Treasury seeks to sell KQ to foreign strategic investor

Companies

Treasury seeks to sell KQ to foreign strategic investor


Dr Chris Kiptoo, candidate for Principal Secretary to the Treasury, in front of MPs during the audit at County Hall yesterday. PICTURES | DENNIS ONSONGO | NMG

The Treasury will seek a foreign strategic investor to buy a majority stake in Kenya Airways to return the national carrier to profitability.

Principal Treasury Secretary Chris Kiptoo told MPs the government would push for a new equity investor who should inject capital and offer management expertise in the next stage of the restructuring.

If the sale goes through, the state would reduce its 48.9% stake and reduce the ownership of lenders who converted their debt to a 38% stake.

Air France-KLM has a small stake in Kenya Airways and it remains to be seen whether the multinational, previously KQ’s reference shareholder, will sell its remaining 7.76% stake.

Kenya will favor a cash-rich foreign airline as a strategic investor in a plan that could provide the national carrier with aviation expertise and reduce its reliance on the state for operational cash.

“It is time to revamp the national carrier and ensure it continues to operate without government support.
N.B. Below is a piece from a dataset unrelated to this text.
(* There exists a universal constant $K>0$ such that the following holds. Let $q$ be a probability distribution on $[d]$, write $\gamma=\min\{q(j):j\in[d]\}$, and let $\theta\ge 0$. If $T\ge K\cdot\max\{\frac{\sqrt d}{\theta},\frac{1}{\sqrt{\theta\gamma}}\}$, then there is an algorithm which, given $c=2$ independent samples from each of (unknown) probability distributions $p_1,\dots,p_T$ on $[d]$ (all samples mutually independent), distinguishes with probability at least $0.99$ the case $\chi^2(p_{\mathrm{avg}}\,\|\,q)\le 0.99\,\theta$ from the case $\chi^2(p_{\mathrm{avg}}\,\|\,q)>\theta$, where $p_{\mathrm{avg}}=\frac1T\sum_{t=1}^Tp_t$.
   Context: $\chi^2(p\,\|\,q)=\sum_{j=1}^d\frac{(p(j)-q(j))^2}{q(j)}=\sum_{j=1}^d\frac{p(j)^2}{q(j)}-1$ is the $\chi^2$-divergence. "Distinguishes with probability at least $0.99$" means: the algorithm (which may depend on $d,q,\theta,T$ but not on the $p_t$) outputs accept/reject, accepting with probability at least $0.99$ in the first case and rejecting with probability at least $0.99$ in the second case. *)

theory Defs
  imports Complex_Main "HOL-Library.FuncSet"
begin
We need to bring in a strategic investor,” Dr Kiptoo told the National Assembly Finance and National Planning Committee responsible for vetting candidates for the post of Principal Secretary.

He said KQ, as the national carrier is popularly known, operated profitably when a private investor injected money and the government needed to seek out the model in an effort to bring the airline back to profitability.

In 1995 the government sold a 26% stake in KQ to Dutch airline KLM and sold an additional 22% stake to local shareholders through an initial public offering on the Nairobi Stock Exchange in 1996. The deal offered KLM seats on KQ’s board of directors, the right to appoint certain executives, including the chief financial officer, and act as a technical partner of the flag carrier.

KLM reduced its stake by 26.7% after the conversion of public debt and bank loans into equity diluted the company’s stake to 7.76%.

The multinational had expressed its desire to leave KQ when the government chose to nationalize the airline.

In 2021, KQ agreed with Air France-KLM to end a codeshare for Africa-Europe routes.

The national carrier has received multi-billion shillings bailouts from the state amid a delayed recovery from a post-Covid-19 travel slump.

The new restructuring plan comes after the state abandoned the favored long-term solution that was rooted in the nationalization of the airline.

The plan approved by lawmakers in July 2019 would have led to the airline being delisted from the Nairobi Stock Exchange (NSE).

Cabinet Secretary for Roads, Transport and Public Works, Kipchumba Murkomen, also hinted during his review of a plan to divide KQ into several subsidiaries according to its main business lines.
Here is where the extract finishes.